(Records from a data source)
"""
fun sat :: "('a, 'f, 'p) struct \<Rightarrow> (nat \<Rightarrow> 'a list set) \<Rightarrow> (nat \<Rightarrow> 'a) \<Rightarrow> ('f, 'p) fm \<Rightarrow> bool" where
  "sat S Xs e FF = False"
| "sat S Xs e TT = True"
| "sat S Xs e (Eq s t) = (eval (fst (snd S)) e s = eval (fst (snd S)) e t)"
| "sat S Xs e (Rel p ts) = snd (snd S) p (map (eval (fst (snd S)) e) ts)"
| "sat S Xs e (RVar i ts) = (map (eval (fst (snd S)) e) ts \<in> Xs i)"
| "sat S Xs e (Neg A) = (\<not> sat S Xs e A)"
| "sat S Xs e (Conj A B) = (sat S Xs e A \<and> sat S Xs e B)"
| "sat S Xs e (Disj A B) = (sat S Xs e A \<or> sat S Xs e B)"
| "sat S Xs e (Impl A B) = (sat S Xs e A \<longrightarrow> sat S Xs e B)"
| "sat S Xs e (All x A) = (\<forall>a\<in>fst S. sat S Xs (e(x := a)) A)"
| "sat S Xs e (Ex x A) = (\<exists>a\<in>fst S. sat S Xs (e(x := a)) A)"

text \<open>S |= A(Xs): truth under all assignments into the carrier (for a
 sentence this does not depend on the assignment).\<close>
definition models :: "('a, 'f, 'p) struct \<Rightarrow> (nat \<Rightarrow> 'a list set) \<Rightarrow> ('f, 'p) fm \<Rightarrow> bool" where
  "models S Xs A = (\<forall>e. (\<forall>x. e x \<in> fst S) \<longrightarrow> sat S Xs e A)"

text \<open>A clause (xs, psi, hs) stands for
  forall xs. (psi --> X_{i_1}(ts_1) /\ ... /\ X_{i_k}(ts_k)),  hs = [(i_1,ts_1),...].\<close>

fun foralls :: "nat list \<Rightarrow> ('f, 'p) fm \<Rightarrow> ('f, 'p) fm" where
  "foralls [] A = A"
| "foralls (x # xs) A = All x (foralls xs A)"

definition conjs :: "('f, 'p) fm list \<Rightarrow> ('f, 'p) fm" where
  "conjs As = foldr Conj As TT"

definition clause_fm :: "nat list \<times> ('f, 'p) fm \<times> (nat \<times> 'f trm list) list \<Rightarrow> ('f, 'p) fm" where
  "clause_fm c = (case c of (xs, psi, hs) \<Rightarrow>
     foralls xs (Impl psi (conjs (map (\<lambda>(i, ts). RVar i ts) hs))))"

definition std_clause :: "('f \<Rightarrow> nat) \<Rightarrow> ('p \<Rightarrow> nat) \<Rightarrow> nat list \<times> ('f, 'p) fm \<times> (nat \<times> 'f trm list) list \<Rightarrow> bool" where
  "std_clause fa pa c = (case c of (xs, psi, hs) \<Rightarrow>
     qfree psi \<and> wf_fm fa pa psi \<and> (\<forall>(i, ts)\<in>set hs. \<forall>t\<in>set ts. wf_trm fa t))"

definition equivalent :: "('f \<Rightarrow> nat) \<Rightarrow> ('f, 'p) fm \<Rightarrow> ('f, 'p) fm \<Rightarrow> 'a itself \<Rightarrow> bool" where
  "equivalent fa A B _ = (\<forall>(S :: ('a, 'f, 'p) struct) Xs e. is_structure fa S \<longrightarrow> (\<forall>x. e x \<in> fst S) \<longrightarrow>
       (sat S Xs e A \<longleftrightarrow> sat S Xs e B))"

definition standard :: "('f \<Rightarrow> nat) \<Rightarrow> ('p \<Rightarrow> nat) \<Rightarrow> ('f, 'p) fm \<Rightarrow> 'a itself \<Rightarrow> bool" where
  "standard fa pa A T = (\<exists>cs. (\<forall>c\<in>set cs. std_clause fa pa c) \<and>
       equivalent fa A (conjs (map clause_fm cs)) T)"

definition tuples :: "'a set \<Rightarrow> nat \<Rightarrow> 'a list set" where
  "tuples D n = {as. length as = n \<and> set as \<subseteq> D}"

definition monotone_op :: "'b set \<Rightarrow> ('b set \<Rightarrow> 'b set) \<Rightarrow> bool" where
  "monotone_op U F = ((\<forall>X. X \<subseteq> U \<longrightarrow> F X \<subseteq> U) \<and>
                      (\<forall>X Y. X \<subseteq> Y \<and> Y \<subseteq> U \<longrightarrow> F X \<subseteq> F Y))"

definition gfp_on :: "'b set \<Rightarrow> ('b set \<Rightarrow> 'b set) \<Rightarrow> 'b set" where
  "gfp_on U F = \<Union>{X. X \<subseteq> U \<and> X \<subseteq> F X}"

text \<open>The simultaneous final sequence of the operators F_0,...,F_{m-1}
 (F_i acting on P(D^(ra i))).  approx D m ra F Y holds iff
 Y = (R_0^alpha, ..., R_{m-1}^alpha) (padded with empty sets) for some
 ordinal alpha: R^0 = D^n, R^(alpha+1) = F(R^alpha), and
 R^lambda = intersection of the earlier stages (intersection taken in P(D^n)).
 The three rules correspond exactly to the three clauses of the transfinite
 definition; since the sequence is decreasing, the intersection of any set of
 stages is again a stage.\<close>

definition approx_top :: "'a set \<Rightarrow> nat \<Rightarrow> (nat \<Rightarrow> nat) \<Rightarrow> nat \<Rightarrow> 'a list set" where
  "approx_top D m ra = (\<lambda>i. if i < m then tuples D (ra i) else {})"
"""
**ABOUT THIS EXERCISE**: Nothing beyond the line that contains "s t) = (eval" belongs in the answer; reproduce the entries exactly from their first line through it.

**RESULT OF THIS TASK**:
fun sat :: "('a, 'f, 'p) struct \<Rightarrow> (nat \<Rightarrow> 'a list set) \<Rightarrow> (nat \<Rightarrow> 'a) \<Rightarrow> ('f, 'p) fm \<Rightarrow> bool" where
  "sat S Xs e FF = False"
| "sat S Xs e TT = True"
| "sat S Xs e (Eq s t) = (eval (fst (snd S)) e s = eval (fst (snd S)) e t)"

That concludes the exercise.